小出昌司(高知教会牧師)
メッセージ:人生はマラソンと同じ
【高知放送】
【南海放送】
おはようございます。高知市の「とさでん上町4丁目」電停を南に入ってすぐの公園の裏にある、改革派高知教会牧師の小出昌司です。
毎年この時期になると、日本の各地でマラソン大会が開かれています。私はスポーツ全体が苦手ですが、特に、長距離走は大の苦手でした。それは、私には忍耐力や持久力が不足しているからだと思います。でも、映像でマラソン競技を見るのは好きでした。それは、走っている競技者の表情や走り方に興味を惹かれるからです。マラソンは、個人競技ですから、団体競技とは違って、孤独と戦いながら走っている競技者の姿に感動させられます。
あるマラソン大会を見ていた時、「マラソンって人生に似ているな」と思いました。走る距離が長いだけではなく、クネクネと曲がった道やアップダウンの激しい道がありますから、競技者には、道に合わせた走り方や、脚力の消耗を防ぐ走り方が求められます。
しかしある時、「ブラインドマラソン」と呼ばれる、視力にハンディキャップのある競技者のマラソン競技を見た時、大きな感動と、応援しているはずの私が励まされました。競技者の手が、伴走する健常者の手と、ガイドロープで繋がれているだけではなく、伴走者は常に、競技者に話しかけていることが、口の動きで分かりました。
私の人生にも、目に見えないガイドローブで繋がれた方がいて、その方は、いつも言葉で励ましや指示を与えてくださいます。だからこそ、80年という起伏ある人生を走ってくることができたのです。そのお方とは、イエス・キリストというお方です。

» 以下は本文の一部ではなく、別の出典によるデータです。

(* If $\Theta\vdash S$ is a minimal type for $\mathsf{F_{<:}^\top}$ and $\Theta\vdash^\top T$ is an $\mathsf{F_{<:}^\top}$ type (over an $\mathsf{F_{<:}^\top}$ context $\Theta$), then the subtyping algorithm terminates on the input $\Theta\vdash_A S<:T$.
   Context: System $\mathsf{F_{<:}^{K\top}}$: raw types $T ::= \top \mid X \mid T\to T \mid \forall^{\mathsf K}(X<:T).T \mid \forall^\top(X<:T).T$, up to $\alpha$-conversion. Contexts $\Theta$: finite sequences of $X<:T$ or $x:T$ with distinct variables, each type well-formed over the preceding part. Algorithmic subtyping $\Theta\vdash_A S<:T$ is generated by: (1) $\Theta\vdash_A T<:\top$; (2) $\Theta\vdash_A X<:X$; (3) if $T\not\equiv\top$, $T\not\equiv X$ and $\Theta,X<:S,\Theta'\vdash_A S<:T$, then $\Theta,X<:S,\Theta'\vdash_A X<:T$; (4) from $\Theta\vdash_A S'<:S$ and $\Theta\vdash_A T<:T'$ infer $\Theta\vdash_A S\to T<:S'\to T'$; (5) from $\Theta,X<:S\vdash_A T<:T'$ infer $\Theta\vdash_A\forall^{\mathsf K}(X<:S).T<:\forall^{\mathsf K}(X<:S).T'$; (6) from $\Theta\vdash_A T_0<:S_0$ and $\Theta,X<:S_0\vdash_A S_1<:T_1$ infer $\Theta\vdash_A\forall^{\mathsf K}(X<:S_0).S_1<:\forall^\top(X<:T_0).T_1$; (7) from $\Theta\vdash_A T_0<:S_0$ and $\Theta,X<:\top\vdash_A S_1<:T_1$ infer $\Theta\vdash_A\forall^\top(X<:S_0).S_1<:\forall^\top(X<:T_0).T_1$. Each judgement is the conclusion of at most one rule instance; the subtyping algorithm is the resulting deterministic goal-directed search: given $\Theta\vdash_A S<:T$, determine the unique applicable rule (rejecting if none), and recursively check its premises in order, accepting iff all are accepted. An $\mathsf{F_{<:}^\top}$ type/context is one containing only $\forall^\top$ quantifiers. The minimal types for $\mathsf{F_{<:}^\top}$ are the types generated by $T ::= S \mid \forall^{\mathsf K}(X<:S).T \mid S\to T$, where $S$ ranges over $\mathsf{F_{<:}^\top}$ types. *)

theory Defs
  imports Main
begin

text \<open>Raw types of System F-sub^{K,Top} in locally nameless / de Bruijn form
  (alpha-equivalence classes are represented by de Bruijn terms).
  TVar i refers to the i-th enclosing type-variable binder (0 = innermost);
  AllK S T and AllT S T bind index 0 in T (not in S).\<close>

datatype ty = Top | TVar nat | Arr ty ty | AllK ty ty | AllT ty ty

text \<open>Context bindings: X <: T (type variable) or x : T (term variable).
  Contexts are lists with the most recent binding at the head.
  Only type-variable bindings are counted by de Bruijn indices of types.\<close>

datatype binding = TB ty | VB ty

type_synonym ctx = "binding list"

fun shift :: "nat \<Rightarrow> ty \<Rightarrow> ty" where
  "shift k Top = Top"
| "shift k (TVar i) = (if i < k then TVar i else TVar (Suc i))"
| "shift k (Arr S T) = Arr (shift k S) (shift k T)"
| "shift k (AllK S T) = AllK (shift k S) (shift (Suc k) T)"
| "shift k (AllT S T) = AllT (shift k S) (shift (Suc k) T)"

fun ntv :: "ctx \<Rightarrow> nat" where
  "ntv [] = 0"
| "ntv (TB _ # G) = Suc (ntv G)"
| "ntv (VB _ # G) = ntv G"

text \<open>Bound of type variable i in the context, expressed over the whole context.\<close>
fun lookup :: "ctx \<Rightarrow> nat \<Rightarrow> ty option" where
  "lookup [] i = None"
| "lookup (VB _ # G) i = lookup G i"
| "lookup (TB T # G) 0 = Some (shift 0 T)"
| "lookup (TB T # G) (Suc i) = map_option (shift 0) (lookup G i)"

fun wf_ty :: "nat \<Rightarrow> ty \<Rightarrow> bool" where
  "wf_ty n Top = True"
| "wf_ty n (TVar i) = (i < n)"
| "wf_ty n (Arr S T) = (wf_ty n S \<and> wf_ty n T)"
| "wf_ty n (AllK S T) = (wf_ty n S \<and> wf_ty (Suc n) T)"
| "wf_ty n (AllT S T) = (wf_ty n S \<and> wf_ty (Suc n) T)"

fun wf_ctx :: "ctx \<Rightarrow> bool" where
  "wf_ctx [] = True"
| "wf_ctx (TB T # G) = (wf_ctx G \<and> wf_ty (ntv G) T)"
| "wf_ctx (VB T # G) = (wf_ctx G \<and> wf_ty (ntv G) T)"

text \<open>F-sub^Top types: only Top-quantifiers.\<close>
fun top_ty :: "ty \<Rightarrow> bool" where
  "top_ty Top = True"
| "top_ty (TVar i) = True"
| "top_ty (Arr S T) = (top_ty S \<and> top_ty T)"
| "top_ty (AllK S T) = False"
| "top_ty (AllT S T) = (top_ty S \<and> top_ty T)"

fun top_binding :: "binding \<Rightarrow> bool" where
  "top_binding (TB T) = top_ty T"
| "top_binding (VB T) = top_ty T"

definition top_ctx :: "ctx \<Rightarrow> bool" where
  "top_ctx G = (\<forall>b\<in>set G. top_binding b)"

inductive minimal_ty :: "ty \<Rightarrow> bool" where
  "top_ty S \<Longrightarrow> minimal_ty S"
| "top_ty S \<Longrightarrow> minimal_ty T \<Longrightarrow> minimal_ty (AllK S T)"
| "top_ty S \<Longrightarrow> minimal_ty T \<Longrightarrow> minimal_ty (Arr S T)"

text \<open>The unique applicable rule of algorithmic subtyping for goal G |-A S <: T:
  None = no rule applies (reject); Some ps = the premises of the unique rule,
  in the order they are checked.\<close>
fun alg_rule :: "ctx \<Rightarrow> ty \<Rightarrow> ty \<Rightarrow> (ctx \<times> ty \<times> ty) list option" where
  "alg_rule G S Top = Some []"
| "alg_rule G (TVar i) (TVar j) =
     (if i = j then Some []
      else (case lookup G i of None \<Rightarrow> None | Some U \<Rightarrow> Some [(G, U, TVar j)]))"
| "alg_rule G (TVar i) T =
     (case lookup G i of None \<Rightarrow> None | Some U \<Rightarrow> Some [(G, U, T)])"
| "alg_rule G (Arr S T) (Arr S' T') = Some [(G, S', S), (G, T, T')]"
| "alg_rule G (AllK S T) (AllK S' T') =
     (if S = S' then Some [(TB S # G, T, T')] else None)"
| "alg_rule G (AllK S0 S1) (AllT T0 T1) = Some [(G, T0, S0), (TB S0 # G, S1, T1)]"
| "alg_rule G (AllT S0 S1) (AllT T0 T1) = Some [(G, T0, S0), (TB Top # G, S1, T1)]"
| "alg_rule G S T = None"

inductive sub_alg :: "ctx \<Rightarrow> ty \<Rightarrow> ty \<Rightarrow> bool" where
  SA_Top: "sub_alg G T Top"
| SA_Refl: "sub_alg G (TVar i) (TVar i)"
| SA_Trans: "T \<noteq> Top \<Longrightarrow> T \<noteq> TVar i \<Longrightarrow> lookup G i = Some U \<Longrightarrow> sub_alg G U T
              \<Longrightarrow> sub_alg G (TVar i) T"
| SA_Arrow: "sub_alg G S' S \<Longrightarrow> sub_alg G T T' \<Longrightarrow> sub_alg G (Arr S T) (Arr S' T')"
| SA_AllK: "sub_alg (TB S # G) T T' \<Longrightarrow> sub_alg G (AllK S T) (AllK S T')"
| SA_AllKT: "sub_alg G T0 S0 \<Longrightarrow> sub_alg (TB S0 # G) S1 T1
              \<Longrightarrow> sub_alg G (AllK S0 S1) (AllT T0 T1)"
| SA_AllT: "sub_alg G T0 S0 \<Longrightarrow> sub_alg (TB Top # G) S1 T1
              \<Longrightarrow> sub_alg G (AllT S0 S1) (AllT T0 T1)"

text \<open>Big-step semantics of the deterministic goal-directed search: run G S T b means
  the algorithm on input G |-A S <: T terminates with answer b.\<close>
inductive run :: "ctx \<Rightarrow> ty \<Rightarrow> ty \<Rightarrow> bool \<Rightarrow> bool"
  and run_seq :: "(ctx \<times> ty \<times> ty) list \<Rightarrow> bool \<Rightarrow> bool" where
  run_none: "alg_rule G S T = None \<Longrightarrow> run G S T False"
| run_some: "alg_rule G S T = Some ps \<Longrightarrow> run_seq ps b \<Longrightarrow> run G S T b"
| seq_nil: "run_seq [] True"
| seq_fail: "run G S T False \<Longrightarrow> run_seq ((G, S, T) # ps) False"
| seq_ok: "run G S T True \<Longrightarrow> run_seq ps b \<Longrightarrow> run_seq ((G, S, T) # ps) b"

definition terminates :: "ctx \<Rightarrow> ty \<Rightarrow> ty \<Rightarrow> bool" where
  "terminates G S T = (\<exists>b. run G S T b)"

end

theory Submission
  imports Defs
begin

text \<open>Each rule of the algorithm either strictly decreases the number of AllK binders
  of the left-hand type, or keeps it and strictly decreases a size in which a type variable
  weighs one more than its bound.  The only rule that can increase that size is rule (6),
  where the bound of the body changes from Top to S0; but it consumes an AllK binder.
  Throughout the search the left-hand side stays minimal and the right-hand side and the
  context stay Top-only, because every type that changes sides is a Top-only type.\<close>

fun num_AllK :: "ty \<Rightarrow> nat" where
  "num_AllK Top = 0"
| "num_AllK (TVar i) = 0"
| "num_AllK (Arr S T) = num_AllK S + num_AllK T"
| "num_AllK (AllK S T) = Suc (num_AllK S + num_AllK T)"
| "num_AllK (AllT S T) = num_AllK S + num_AllK T"

text \<open>The variable bound by AllT gets the weight of Top rather than of its bound,
  matching the context extension X <: Top of rule (7).\<close>

fun weight :: "nat list \<Rightarrow> ty \<Rightarrow> nat" where
  "weight E Top = 1"
| "weight E (TVar i) = Suc (if i < length E then E ! i else 0)"
| "weight E (Arr S T) = Suc (weight E S + weight E T)"
| "weight E (AllK S T) = Suc (weight E S + weight (weight E S # E) T)"
| "weight E (AllT S T) = Suc (weight E S + weight (weight E Top # E) T)"

fun bound_weights :: "ctx \<Rightarrow> nat list" where
  "bound_weights [] = []"
| "bound_weights (VB _ # G) = bound_weights G"
| "bound_weights (TB T # G) = weight (bound_weights G) T # bound_weights G"

lemma weight_pos: "0 < weight E T"
  by (cases T) auto

lemma weight_shift:
  "k \<le> length E \<Longrightarrow> weight (take k E @ a # drop k E) (shift k T) = weight E T"
proof (induction T arbitrary: k E)
  case (TVar i)
  then show ?case by (auto simp: nth_append min_def)
next
  case (AllK S T)
  then show ?case using AllK.IH(2)[of "Suc k" "weight E S # E"] by simp
next
  case (AllT S T)
  then show ?case using AllT.IH(2)[of "Suc k" "weight E Top # E"] by simp
qed auto

lemma weight_shift0: "weight (a # E) (shift 0 T) = weight E T"
  using weight_shift[of 0 E a T] by simp

lemma bound_weights_lookup:
  "lookup G i = Some U \<Longrightarrow> i < length (bound_weights G) \<and> bound_weights G ! i = weight (bound_weights G) U"
  by (induction G i arbitrary: U rule: lookup.induct) (auto simp: weight_shift0)

lemma top_ty_shift: "top_ty T \<Longrightarrow> top_ty (shift k T)"
  by (induction k T rule: shift.induct) auto

lemma top_ty_lookup: "top_ctx G \<Longrightarrow> lookup G i = Some U \<Longrightarrow> top_ty U"
  by (induction G i arbitrary: U rule: lookup.induct) (auto simp: top_ctx_def top_ty_shift)

lemma num_AllK_top_ty: "top_ty T \<Longrightarrow> num_AllK T = 0"
  by (induction T) auto

inductive_cases minimal_ty_ArrE: "minimal_ty (Arr S T)"
inductive_cases minimal_ty_AllKE: "minimal_ty (AllK S T)"
inductive_cases minimal_ty_AllTE: "minimal_ty (AllT S T)"

definition minimal_goal :: "ctx \<times> ty \<times> ty \<Rightarrow> bool" where
  "minimal_goal = (\<lambda>(G, S, T). top_ctx G \<and> minimal_ty S \<and> top_ty T)"

definition goal_order :: "((ctx \<times> ty \<times> ty) \<times> (ctx \<times> ty \<times> ty)) set" where
  "goal_order = measures [\<lambda>(G, S, T). num_AllK S,
     \<lambda>(G, S, T). weight (bound_weights G) S + weight (bound_weights G) T]"

lemma wf_goal_order: "wf goal_order"
  by (simp add: goal_order_def)

lemma terminates_if_premises_terminate:
  assumes "\<And>ps G' S' T'. alg_rule G S T = Some ps \<Longrightarrow> (G', S', T') \<in> set ps \<Longrightarrow> terminates G' S' T'"
  shows "terminates G S T"
proof (cases "alg_rule G S T")
  case None
  then show ?thesis unfolding terminates_def using run_none by blast
next
  case (Some ps)
  have "\<exists>b. run_seq qs b" if "set qs \<subseteq> set ps" for qs
    using that
  proof (induction qs)
    case Nil
    then show ?case using seq_nil by blast
  next
    case (Cons q qs)
    obtain G' S' T' where q: "q = (G', S', T')" by (cases q)
    with Cons.prems have "(G', S', T') \<in> set ps" by simp
    then obtain b where b: "run G' S' T' b"
      using assms[OF Some] unfolding terminates_def by blast
    show ?case
    proof (cases b)
      case True
      with b q Cons show ?thesis using seq_ok by fastforce
    next
      case False
      with b q show ?thesis using seq_fail by fastforce
    qed
  qed
  then show ?thesis unfolding terminates_def using run_some[OF Some] by blast
qed

lemma terminates_wf:
  assumes "wf R"
    and "\<And>G S T ps g. P (G, S, T) \<Longrightarrow> alg_rule G S T = Some ps \<Longrightarrow> g \<in> set ps
           \<Longrightarrow> P g \<and> (g, (G, S, T)) \<in> R"
    and "P (G, S, T)"
  shows "terminates G S T"
  using assms(1,3)
proof (induction "(G, S, T)" arbitrary: G S T rule: wf_induct_rule)
  case less
  show ?case
    by (rule terminates_if_premises_terminate) (use less assms(2) in blast)
qed

lemma alg_rule_premise_decreases:
  assumes "alg_rule G S T = Some ps" and "g \<in> set ps" and "minimal_goal (G, S, T)"
  shows "minimal_goal g \<and> (g, (G, S, T)) \<in> goal_order"
  using assms
proof (induction G S T rule: alg_rule.induct)
  case (4 G S T S' T')
  then show ?case using weight_pos[of "bound_weights G"]
    by (auto simp: minimal_goal_def goal_order_def num_AllK_top_ty
        intro: minimal_ty.intros elim!: minimal_ty_ArrE)
next
  case (6 G S0 S1 T0 T1)
  then show ?case
    by (auto simp: minimal_goal_def goal_order_def num_AllK_top_ty top_ctx_def
        intro: minimal_ty.intros elim!: minimal_ty_AllKE)
next
  case (7 G S0 S1 T0 T1)
  then show ?case using weight_pos[of "bound_weights G"]
    by (auto simp: minimal_goal_def goal_order_def num_AllK_top_ty top_ctx_def
        intro: minimal_ty.intros elim!: minimal_ty_AllTE)
qed (auto simp: minimal_goal_def goal_order_def num_AllK_top_ty split: if_splits option.splits
      intro: minimal_ty.intros dest: top_ty_lookup bound_weights_lookup)

theorem proposition8p3:
  assumes "wf_ctx G" and "top_ctx G"
    and "wf_ty (ntv G) S" and "minimal_ty S"
    and "wf_ty (ntv G) T" and "top_ty T"
  shows "terminates G S T"
  using wf_goal_order alg_rule_premise_decreases
proof (rule terminates_wf)
  show "minimal_goal (G, S, T)"
    using assms unfolding minimal_goal_def by simp
qed

end
lemma skew_lift_diff_le:
  assumes "0 < d" "0 < m" "a \<le> b" "b - a < int (d * m)"
  shows "skew_lift c d m b - skew_lift c d m a \<le> int c * (b - a) + int d - 1"
proof -
  let ?n = "int (d * m)"
  have block_le: "a div int m \<le> b div int m" using assms by (simp add: zdiv_mono1)
  have period_le: "a div ?n \<le> b div ?n" using assms by (simp add: zdiv_mono1)
  have "b div ?n \<le> (a + ?n) div ?n" using assms by (simp add: zdiv_mono1)
  also have "\<dots> = a div ?n + 1" by (rule div_add_self2) (use assms in simp)
  finally have period_step: "b div ?n \<le> a div ?n + 1" .
  have period_block: "b div ?n = (b div int m) div int d" "a div ?n = (a div int m) div int d"
    unfolding of_nat_mult mult.commute[of "int d"] by (simp_all add: zdiv_zmult2_eq)
  show ?thesis
  proof (cases "a div ?n = b div ?n")
    case True
    then show ?thesis unfolding skew_lift_diff using block_le assms(1) by simp
  next
    case False
    then have "b div ?n - a div ?n = 1" using period_le period_step by simp
    moreover have "a div int m < b div int m"
      using False period_block block_le by (metis order_less_le)
    ultimately show ?thesis unfolding skew_lift_diff by simp
  qed
qed

lemma skew_lift_mod_inj:
  assumes "0 < d" "0 < m" "c = d * a" "coprime a m" "y1 < d * m" "y2 < d * m"
    and "skew_lift c d m (int y1) mod int (d * m) = skew_lift c d m (int y2) mod int (d * m)"
  shows "y1 = y2"
proof -
  have small_multiple: "x = 0" if "e dvd x" "\<bar>x\<bar> < e" for e x :: int
  proof (rule ccontr)
    assume "x \<noteq> 0"
    then have "\<bar>e\<bar> \<le> \<bar>x\<bar>" using that(1) by (rule dvd_imp_le_int)
    then show False using that(2) by linarith
  qed
  have lift: "skew_lift c d m (int y) = int c * int y - int (y div m)" if "y < d * m" for y
    unfolding skew_lift_def using that by (simp add: zdiv_int[symmetric] del: of_nat_mult)
  have blocks: "y1 div m < d" "y2 div m < d"
    using assms(2,5,6) by (simp_all add: div_less_iff_less_mult)
  have "int (d * m) dvd skew_lift c d m (int y1) - skew_lift c d m (int y2)"
    using assms(7) by (simp add: mod_eq_dvd_iff)
  also have "skew_lift c d m (int y1) - skew_lift c d m (int y2)
      = int d * (int a * (int y1 - int y2)) - (int (y1 div m) - int (y2 div m))"
    unfolding lift[OF assms(5)] lift[OF assms(6)] by (simp add: assms(3) algebra_simps)
  finally have n_dvd: "int d * int m dvd \<dots>" by simp
  then have "int d dvd int (y1 div m) - int (y2 div m)"
    by (metis dvd_diff_right_iff dvd_mult_left dvd_triv_left)
  then have same_block: "y1 div m = y2 div m"
    using small_multiple[of "int d"] blocks by fastforce
  then have "int m dvd int a * (int y1 - int y2)"
    using n_dvd assms(1) by simp
  then have "int m dvd int y1 - int y2"
    using assms(4) by (simp add: coprime_dvd_mult_right_iff coprime_commute)
  moreover have "int y = int (y div m * m) + int (y mod m)" for y
    by (simp only: of_nat_add[symmetric] div_mult_mod_eq)
  ultimately have "int m dvd int (y1 mod m) - int (y2 mod m)"
    using same_block by (metis add_diff_cancel_left)
  moreover have "\<bar>int (y1 mod m) - int (y2 mod m)\<bar> < int m"
    using mod_less_divisor[OF assms(2), of y1] mod_less_divisor[OF assms(2), of y2] by linarith
  ultimately have "y1 mod m = y2 mod m"
    using small_multiple by fastforce
  then show ?thesis using same_block by (metis div_mult_mod_eq)
qed

lemma bij_betw_skew_perm:
  assumes "0 < d" "0 < m" "c = d * a" "coprime a m"
  shows "bij_betw (skew_perm c d m) {0..<d * m} {0..<d * m}"
proof -
  have "inj_on (skew_perm c d m) {0..<d * m}"
  proof (rule inj_onI)
    fix y1 y2 assume "y1 \<in> {0..<d * m}" "y2 \<in> {0..<d * m}"
      and "skew_perm c d m y1 = skew_perm c d m y2"
    then show "y1 = y2"
      using skew_lift_mod_inj[OF assms] int_skew_perm[OF assms(1,2)]
      by (metis atLeastLessThan_iff)
  qed
  moreover have "skew_perm c d m y < d * m" for y
  proof -
    have "int (skew_perm c d m y) < int (d * m)"
      unfolding int_skew_perm[OF assms(1,2)] by (rule pos_mod_bound) (use assms(1,2) in simp)
    then show ?thesis by (simp only: of_nat_less_iff)
  qed
  then have "skew_perm c d m ` {0..<d * m} \<subseteq> {0..<d * m}" by auto
  ultimately show ?thesis
    unfolding bij_betw_def by (simp add: endo_inj_surj)
qed

lemma skew_perm_in_window:
  assumes "0 < d" "0 < m" "skew_perm c d m ((y + j) mod (d * m)) = (w + i) mod (d * m)"
  shows "\<exists>t. skew_lift c d m (int y + int j) = int w + int i + t * int (d * m)"
proof -
  have "int ((y + j) mod (d * m)) = (int y + int j) mod int (d * m)"
    by (simp only: of_nat_mod of_nat_add)
  then have "skew_lift c d m (int y + int j) mod int (d * m)
      = int (skew_perm c d m ((y + j) mod (d * m)))"
    using int_skew_perm[OF assms(1,2)] skew_lift_mod[OF assms(1,2)] by simp
  also have "\<dots> = (int w + int i) mod int (d * m)"
    using assms(3) by (simp add: of_nat_mod)
  finally have "int (d * m) dvd skew_lift c d m (int y + int j) - (int w + int i)"
    by (simp add: mod_eq_dvd_iff)
  then obtain t where "skew_lift c d m (int y + int j) - (int w + int i) = int (d * m) * t"
    by (elim dvdE)
  then show ?thesis by (intro exI[of _ t]) (simp add: algebra_simps)
qed
(* Let $h>0$, let $\phi_h(x)=\frac{1}{\sqrt{2\pi h}}e^{-x^2/(2h)}$ for $x\in\mathbb{R}$, and for an integer $C$ let $\tilde\phi_h(x)=\sum_{j\in\mathbb{Z}}\phi_h(x+2\pi j)$ and $\tilde\phi_h^{(C)}(x)=\sum_{|j|\le C}\phi_h(x+2\pi j)$. For points $x_1,\dots,x_n\in[-\pi,\pi]$ and the empirical measure $\nu=\frac1n\sum_{i=1}^n\delta_{x_i}$, set $(\tilde\phi_h*\nu)(x)=\frac1n\sum_{i=1}^n\tilde\phi_h(x-x_i)$ and $(\tilde\phi_h^{(C)}*\nu)(x)=\frac1n\sum_{i=1}^n\tilde\phi_h^{(C)}(x-x_i)$ for $x\in[-\pi,\pi]$. If $2\pi(C-1)\ge\sqrt h$, then $$\sup_{x\in[-\pi,\pi]}\Big|\frac{\partial(\tilde\phi_h*\nu)}{\partial x}(x)-\frac{\partial(\tilde\phi_h^{(C)}*\nu)}{\partial x}(x)\Big|\le\frac1\pi\,\phi_h\big(2\pi(C-1)\big).$$ *)

theory Defs
  imports "HOL-Analysis.Analysis"
begin

definition gauss :: "real \<Rightarrow> real \<Rightarrow> real" where
  "gauss h x = exp (- (x^2) / (2*h)) / sqrt (2*pi*h)"

definition wrapped_gauss :: "real \<Rightarrow> real \<Rightarrow> real" where
  "wrapped_gauss h x = (\<Sum>\<^sub>\<infinity>j::int. gauss h (x + 2 * pi * real_of_int j))"

definition wrapped_gauss_trunc :: "real \<Rightarrow> int \<Rightarrow> real \<Rightarrow> real" where
  "wrapped_gauss_trunc h C x = (\<Sum>j\<in>{-C..C}. gauss h (x + 2 * pi * real_of_int j))"

end

theory Submission
  imports Defs
begin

マラソンの起源は、西暦が始まる前のマラトンの丘でのギリシャとペルシャの戦いに起源があります。小国ギリシャが大国ペルシャに勝利したニュースは、ギリシャの伝令士によって、40㎞ほど離れた故国に走って伝えられました。
その当時すでに、古代オリンピックが、ギリシャのオリンポスで4年ごとに開かれていましたから、新約聖書は、人生をマラソン競技にたとえて、「自分に定められている競走を忍耐強く走り抜こうではありませんか」(ヘブライ12:1)と勧めています。
現在のマラソン大会では、上位入賞者にはメダルが与えられますが、人生のレースでは、完走することが求められているのですから、タイムを気にしながら走るのではなく、人生のゴールまで完走することを目指して走ればよいのですが、走り続けることが苦しく困難になる時が、しばしば訪れます。
マラソン競技のコースの要所要所に、給水所が備えられているように、人生レースにも、7日目ごとに教会という給水所が備えられていますから、教会に立ち寄って、キリストの命の言葉によって心の疲れが癒され、また次の新しい一週間を走り抜くことができる力が湧いてくるのです。
ブラインドマラソンでは、競技者自身が、自分の脚力や持久力をよく知っている、自分よりも走る力の大きい人を伴走者に選びます。あなたも、キリストと一緒に人生を走って見ませんか。そうすれば、キリストが、労りと励ましの言葉を掛け続けて下さるのです。そして、疲れた時、もう走れないと思った時には、教会という給水所に立ち寄ってください。
※ホームページでは音楽著作権の関係上、一部をカットして放送しています。